• PROBLEM DESCRIPTION
When a line of the entries contains the word "adjoint", report that line.

[Collected data]
┌──

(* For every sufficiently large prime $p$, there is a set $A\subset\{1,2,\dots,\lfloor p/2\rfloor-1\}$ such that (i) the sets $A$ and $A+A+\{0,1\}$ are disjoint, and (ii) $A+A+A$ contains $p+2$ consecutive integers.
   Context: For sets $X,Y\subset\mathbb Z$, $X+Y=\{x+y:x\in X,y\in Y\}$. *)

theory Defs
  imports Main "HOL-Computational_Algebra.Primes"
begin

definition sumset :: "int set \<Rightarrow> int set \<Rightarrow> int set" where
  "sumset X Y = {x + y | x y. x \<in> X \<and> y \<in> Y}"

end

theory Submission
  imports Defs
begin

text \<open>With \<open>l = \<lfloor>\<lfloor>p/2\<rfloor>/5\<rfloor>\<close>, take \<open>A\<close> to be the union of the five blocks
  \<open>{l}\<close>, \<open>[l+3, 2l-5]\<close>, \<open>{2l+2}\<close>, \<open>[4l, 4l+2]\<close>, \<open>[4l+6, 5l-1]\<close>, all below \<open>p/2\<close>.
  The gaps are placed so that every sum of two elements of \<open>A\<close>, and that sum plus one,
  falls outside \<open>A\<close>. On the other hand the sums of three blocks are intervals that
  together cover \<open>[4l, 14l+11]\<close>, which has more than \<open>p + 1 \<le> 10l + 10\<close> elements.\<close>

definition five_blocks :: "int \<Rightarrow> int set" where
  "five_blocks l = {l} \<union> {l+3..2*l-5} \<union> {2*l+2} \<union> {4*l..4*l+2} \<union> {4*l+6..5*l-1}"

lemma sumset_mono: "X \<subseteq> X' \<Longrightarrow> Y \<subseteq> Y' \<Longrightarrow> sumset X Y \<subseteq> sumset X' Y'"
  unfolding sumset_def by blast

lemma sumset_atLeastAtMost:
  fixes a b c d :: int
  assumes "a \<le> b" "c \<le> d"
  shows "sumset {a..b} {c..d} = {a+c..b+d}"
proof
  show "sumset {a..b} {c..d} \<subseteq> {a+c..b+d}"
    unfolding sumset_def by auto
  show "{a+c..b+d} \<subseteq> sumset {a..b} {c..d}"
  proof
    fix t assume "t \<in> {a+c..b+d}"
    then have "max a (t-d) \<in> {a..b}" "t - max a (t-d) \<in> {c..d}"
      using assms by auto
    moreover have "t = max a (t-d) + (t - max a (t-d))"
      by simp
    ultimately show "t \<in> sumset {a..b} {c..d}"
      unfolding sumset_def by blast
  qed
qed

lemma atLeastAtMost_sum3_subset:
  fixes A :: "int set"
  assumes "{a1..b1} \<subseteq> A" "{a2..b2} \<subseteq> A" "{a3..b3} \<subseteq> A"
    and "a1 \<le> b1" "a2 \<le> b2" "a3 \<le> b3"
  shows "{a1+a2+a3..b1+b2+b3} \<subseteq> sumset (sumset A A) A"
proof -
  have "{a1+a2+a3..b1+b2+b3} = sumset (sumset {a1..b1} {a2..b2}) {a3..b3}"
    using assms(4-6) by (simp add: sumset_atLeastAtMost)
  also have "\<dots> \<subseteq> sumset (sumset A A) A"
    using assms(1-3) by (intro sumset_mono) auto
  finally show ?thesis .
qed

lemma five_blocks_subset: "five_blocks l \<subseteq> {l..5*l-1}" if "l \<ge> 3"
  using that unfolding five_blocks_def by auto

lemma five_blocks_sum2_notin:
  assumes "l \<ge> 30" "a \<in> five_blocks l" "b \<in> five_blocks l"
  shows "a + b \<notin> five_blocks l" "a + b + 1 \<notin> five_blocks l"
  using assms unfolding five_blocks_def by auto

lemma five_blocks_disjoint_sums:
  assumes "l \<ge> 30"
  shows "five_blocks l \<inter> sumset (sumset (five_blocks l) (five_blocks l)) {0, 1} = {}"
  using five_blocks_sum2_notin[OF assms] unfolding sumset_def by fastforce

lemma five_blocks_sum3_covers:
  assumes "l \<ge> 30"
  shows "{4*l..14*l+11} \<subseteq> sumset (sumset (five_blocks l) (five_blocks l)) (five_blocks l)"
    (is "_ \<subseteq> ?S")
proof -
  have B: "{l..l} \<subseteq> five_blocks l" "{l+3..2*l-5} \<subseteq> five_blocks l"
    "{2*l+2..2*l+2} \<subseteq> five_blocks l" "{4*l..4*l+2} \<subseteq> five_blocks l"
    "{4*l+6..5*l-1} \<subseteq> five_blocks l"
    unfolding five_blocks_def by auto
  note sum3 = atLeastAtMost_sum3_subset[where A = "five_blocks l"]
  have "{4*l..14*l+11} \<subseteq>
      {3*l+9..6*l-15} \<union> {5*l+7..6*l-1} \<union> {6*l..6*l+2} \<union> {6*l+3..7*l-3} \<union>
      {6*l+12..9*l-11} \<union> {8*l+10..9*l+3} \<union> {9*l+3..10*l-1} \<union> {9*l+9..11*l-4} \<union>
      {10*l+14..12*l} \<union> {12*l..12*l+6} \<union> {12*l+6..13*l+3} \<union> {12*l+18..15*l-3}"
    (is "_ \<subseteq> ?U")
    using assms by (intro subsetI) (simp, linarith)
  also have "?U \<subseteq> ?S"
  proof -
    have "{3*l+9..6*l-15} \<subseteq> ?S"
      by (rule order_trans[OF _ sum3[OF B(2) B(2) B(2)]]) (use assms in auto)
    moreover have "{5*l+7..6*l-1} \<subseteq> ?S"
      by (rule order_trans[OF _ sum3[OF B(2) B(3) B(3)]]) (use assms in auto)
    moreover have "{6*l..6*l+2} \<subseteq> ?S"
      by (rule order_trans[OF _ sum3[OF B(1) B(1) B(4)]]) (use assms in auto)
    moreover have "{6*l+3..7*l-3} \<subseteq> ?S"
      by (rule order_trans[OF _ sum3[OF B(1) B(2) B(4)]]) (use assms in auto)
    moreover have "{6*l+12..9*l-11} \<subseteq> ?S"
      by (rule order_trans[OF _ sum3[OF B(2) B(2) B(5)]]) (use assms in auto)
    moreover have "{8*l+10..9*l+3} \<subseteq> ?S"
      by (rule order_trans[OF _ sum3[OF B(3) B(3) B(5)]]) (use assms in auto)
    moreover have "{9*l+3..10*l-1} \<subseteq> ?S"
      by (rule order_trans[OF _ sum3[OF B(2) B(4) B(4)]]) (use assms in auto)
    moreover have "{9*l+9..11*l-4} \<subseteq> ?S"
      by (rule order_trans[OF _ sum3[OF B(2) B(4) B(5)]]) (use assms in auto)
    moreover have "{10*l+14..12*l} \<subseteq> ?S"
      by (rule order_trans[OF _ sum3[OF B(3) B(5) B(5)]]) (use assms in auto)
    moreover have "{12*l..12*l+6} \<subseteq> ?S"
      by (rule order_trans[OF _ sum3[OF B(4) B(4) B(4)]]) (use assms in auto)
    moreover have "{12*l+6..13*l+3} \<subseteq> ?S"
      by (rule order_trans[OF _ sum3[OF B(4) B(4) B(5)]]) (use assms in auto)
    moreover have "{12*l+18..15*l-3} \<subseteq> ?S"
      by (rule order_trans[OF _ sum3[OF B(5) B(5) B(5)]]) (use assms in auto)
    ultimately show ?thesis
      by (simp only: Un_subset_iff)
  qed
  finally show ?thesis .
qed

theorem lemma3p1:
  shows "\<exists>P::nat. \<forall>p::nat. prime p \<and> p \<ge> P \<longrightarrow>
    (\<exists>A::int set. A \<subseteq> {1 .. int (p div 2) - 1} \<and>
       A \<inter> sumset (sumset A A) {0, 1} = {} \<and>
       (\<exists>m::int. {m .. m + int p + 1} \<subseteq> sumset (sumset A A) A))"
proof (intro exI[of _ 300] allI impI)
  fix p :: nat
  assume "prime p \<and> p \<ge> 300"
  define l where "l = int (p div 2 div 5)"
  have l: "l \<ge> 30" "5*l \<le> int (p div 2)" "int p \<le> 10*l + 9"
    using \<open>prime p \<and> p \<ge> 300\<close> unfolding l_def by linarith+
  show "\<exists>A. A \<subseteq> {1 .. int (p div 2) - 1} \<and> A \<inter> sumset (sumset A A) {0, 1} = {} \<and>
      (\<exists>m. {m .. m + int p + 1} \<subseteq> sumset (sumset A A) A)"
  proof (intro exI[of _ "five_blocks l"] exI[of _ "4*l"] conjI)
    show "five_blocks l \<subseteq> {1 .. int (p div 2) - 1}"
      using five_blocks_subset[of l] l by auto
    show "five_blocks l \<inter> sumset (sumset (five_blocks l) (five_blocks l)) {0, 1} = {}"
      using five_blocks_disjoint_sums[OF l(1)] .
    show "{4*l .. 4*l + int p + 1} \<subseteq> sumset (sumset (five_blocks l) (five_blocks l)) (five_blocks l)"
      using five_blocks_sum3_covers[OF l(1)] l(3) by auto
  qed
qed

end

└──
┌──

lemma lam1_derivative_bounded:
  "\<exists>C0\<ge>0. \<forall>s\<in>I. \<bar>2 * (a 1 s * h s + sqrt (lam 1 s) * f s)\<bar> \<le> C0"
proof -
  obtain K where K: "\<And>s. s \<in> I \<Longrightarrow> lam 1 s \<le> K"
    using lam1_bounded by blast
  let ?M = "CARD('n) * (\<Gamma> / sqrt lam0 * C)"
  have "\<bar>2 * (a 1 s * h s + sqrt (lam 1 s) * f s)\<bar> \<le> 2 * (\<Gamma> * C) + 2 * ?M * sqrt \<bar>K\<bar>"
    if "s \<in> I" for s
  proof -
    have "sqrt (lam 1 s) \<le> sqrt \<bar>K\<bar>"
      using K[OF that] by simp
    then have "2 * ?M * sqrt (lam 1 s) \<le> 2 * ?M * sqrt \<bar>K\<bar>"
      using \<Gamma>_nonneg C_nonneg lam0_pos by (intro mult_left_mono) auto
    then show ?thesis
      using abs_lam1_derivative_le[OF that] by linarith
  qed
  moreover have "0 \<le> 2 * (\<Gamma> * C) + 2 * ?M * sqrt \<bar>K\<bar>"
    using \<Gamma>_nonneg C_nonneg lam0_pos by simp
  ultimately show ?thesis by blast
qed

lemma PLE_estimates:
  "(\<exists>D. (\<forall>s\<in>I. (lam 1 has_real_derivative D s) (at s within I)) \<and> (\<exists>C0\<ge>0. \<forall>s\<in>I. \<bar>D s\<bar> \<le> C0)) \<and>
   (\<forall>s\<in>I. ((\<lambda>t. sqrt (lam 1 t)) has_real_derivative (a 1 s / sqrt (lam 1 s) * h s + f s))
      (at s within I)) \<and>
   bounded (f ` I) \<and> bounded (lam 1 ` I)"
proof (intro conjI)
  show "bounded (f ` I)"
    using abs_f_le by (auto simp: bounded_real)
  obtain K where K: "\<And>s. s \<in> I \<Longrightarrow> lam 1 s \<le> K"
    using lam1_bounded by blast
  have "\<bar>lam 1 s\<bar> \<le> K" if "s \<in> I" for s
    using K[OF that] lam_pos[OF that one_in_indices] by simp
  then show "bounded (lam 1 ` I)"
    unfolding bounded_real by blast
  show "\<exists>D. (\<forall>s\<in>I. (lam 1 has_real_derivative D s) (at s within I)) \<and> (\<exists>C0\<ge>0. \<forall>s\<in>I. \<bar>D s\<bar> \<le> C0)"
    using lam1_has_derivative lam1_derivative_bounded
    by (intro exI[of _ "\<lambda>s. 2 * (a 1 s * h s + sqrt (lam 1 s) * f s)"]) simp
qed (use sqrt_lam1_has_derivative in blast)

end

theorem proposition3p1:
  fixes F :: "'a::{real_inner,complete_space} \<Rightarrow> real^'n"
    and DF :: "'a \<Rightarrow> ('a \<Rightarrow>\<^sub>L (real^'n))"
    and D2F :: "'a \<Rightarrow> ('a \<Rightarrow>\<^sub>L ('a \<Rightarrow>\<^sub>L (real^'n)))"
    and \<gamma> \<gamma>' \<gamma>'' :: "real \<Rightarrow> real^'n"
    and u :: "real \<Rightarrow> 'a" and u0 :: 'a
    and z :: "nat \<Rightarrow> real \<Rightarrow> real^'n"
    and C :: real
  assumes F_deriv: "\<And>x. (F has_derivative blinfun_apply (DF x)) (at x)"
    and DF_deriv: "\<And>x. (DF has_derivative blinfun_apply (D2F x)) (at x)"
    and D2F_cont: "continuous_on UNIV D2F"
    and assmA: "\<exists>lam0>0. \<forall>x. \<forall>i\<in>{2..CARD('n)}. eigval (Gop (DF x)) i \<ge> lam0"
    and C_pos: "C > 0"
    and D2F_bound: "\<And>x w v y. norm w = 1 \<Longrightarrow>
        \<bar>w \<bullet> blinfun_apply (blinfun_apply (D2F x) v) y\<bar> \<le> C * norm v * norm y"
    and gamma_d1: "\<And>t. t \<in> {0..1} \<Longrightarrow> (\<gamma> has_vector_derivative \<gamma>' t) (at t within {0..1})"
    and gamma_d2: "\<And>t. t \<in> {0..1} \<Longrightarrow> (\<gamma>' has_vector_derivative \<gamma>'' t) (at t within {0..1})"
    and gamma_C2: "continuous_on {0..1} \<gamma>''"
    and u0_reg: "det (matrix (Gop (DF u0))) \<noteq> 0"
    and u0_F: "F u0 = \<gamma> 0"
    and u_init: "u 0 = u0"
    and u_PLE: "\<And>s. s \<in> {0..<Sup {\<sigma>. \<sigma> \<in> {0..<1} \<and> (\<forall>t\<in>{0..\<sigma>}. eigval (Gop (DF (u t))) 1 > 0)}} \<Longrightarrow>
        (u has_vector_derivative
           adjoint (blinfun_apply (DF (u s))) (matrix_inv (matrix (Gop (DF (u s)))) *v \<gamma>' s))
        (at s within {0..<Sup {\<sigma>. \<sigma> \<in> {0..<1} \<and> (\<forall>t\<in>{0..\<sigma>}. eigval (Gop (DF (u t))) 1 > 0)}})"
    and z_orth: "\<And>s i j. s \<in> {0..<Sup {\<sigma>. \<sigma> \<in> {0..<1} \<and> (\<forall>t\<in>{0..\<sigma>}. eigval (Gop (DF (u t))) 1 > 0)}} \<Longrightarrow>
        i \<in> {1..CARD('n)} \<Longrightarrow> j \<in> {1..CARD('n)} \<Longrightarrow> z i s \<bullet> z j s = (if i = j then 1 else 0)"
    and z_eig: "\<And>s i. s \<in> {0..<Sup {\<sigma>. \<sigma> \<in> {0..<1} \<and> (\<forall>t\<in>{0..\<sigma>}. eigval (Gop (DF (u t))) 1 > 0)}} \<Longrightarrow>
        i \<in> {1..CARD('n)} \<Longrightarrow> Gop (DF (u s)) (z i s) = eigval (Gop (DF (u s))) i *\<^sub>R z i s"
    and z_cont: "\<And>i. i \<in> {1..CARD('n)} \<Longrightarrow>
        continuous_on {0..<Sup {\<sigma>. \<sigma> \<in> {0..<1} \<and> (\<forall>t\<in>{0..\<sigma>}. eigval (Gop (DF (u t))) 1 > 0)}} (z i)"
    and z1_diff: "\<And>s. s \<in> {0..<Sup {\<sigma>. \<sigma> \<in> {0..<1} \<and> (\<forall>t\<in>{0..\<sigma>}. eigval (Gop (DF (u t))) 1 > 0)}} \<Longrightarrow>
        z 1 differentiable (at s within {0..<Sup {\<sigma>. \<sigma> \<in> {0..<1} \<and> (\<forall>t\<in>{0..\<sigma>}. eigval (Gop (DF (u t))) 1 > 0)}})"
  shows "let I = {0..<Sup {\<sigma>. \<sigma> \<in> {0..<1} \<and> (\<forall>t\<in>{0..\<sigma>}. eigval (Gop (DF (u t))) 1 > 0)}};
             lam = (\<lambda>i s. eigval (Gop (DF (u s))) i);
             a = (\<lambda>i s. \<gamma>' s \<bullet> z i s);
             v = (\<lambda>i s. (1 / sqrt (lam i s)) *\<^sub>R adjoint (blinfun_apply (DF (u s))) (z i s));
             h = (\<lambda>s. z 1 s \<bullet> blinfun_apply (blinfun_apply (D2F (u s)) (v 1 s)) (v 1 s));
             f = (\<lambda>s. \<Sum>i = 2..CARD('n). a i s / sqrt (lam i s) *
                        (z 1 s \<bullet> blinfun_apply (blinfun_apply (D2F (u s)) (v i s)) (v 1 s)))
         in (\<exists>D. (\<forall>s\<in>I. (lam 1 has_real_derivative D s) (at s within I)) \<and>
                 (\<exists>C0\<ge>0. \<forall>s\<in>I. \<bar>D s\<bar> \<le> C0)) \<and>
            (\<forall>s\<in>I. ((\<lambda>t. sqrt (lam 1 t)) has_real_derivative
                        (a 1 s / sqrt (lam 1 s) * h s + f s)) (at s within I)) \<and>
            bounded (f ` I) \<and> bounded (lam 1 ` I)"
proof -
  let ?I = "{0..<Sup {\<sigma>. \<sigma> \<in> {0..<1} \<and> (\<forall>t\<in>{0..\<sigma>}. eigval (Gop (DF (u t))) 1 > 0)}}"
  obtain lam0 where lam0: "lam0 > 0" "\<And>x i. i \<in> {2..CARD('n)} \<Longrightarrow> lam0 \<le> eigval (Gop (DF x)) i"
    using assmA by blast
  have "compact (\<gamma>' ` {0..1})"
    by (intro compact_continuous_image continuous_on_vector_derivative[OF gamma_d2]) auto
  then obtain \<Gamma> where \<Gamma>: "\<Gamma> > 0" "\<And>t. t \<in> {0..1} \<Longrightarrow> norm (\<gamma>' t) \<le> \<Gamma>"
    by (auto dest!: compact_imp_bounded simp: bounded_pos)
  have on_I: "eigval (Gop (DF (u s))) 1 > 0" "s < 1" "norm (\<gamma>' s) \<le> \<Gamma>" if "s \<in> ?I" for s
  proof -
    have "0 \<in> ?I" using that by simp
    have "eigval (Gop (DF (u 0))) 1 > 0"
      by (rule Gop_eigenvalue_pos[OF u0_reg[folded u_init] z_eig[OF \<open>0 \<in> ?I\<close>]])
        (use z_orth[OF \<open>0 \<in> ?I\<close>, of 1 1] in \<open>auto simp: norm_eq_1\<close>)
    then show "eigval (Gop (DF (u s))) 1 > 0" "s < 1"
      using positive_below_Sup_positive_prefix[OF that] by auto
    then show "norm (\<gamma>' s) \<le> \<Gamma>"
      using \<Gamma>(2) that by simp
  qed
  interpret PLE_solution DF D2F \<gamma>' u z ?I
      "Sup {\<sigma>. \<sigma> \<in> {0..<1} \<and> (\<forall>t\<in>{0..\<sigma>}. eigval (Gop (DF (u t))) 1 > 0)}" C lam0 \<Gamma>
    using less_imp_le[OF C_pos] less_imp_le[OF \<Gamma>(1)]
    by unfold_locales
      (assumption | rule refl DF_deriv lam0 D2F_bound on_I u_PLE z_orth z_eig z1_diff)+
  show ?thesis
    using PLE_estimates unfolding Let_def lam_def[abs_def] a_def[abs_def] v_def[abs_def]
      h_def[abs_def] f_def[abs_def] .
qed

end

└──

• EXERCISE OUTPUT
           adjoint (blinfun_apply (DF (u s))) (matrix_inv (matrix (Gop (DF (u s)))) *v \<gamma>' s))
             v = (\<lambda>i s. (1 / sqrt (lam i s)) *\<^sub>R adjoint (blinfun_apply (DF (u s))) (z i s));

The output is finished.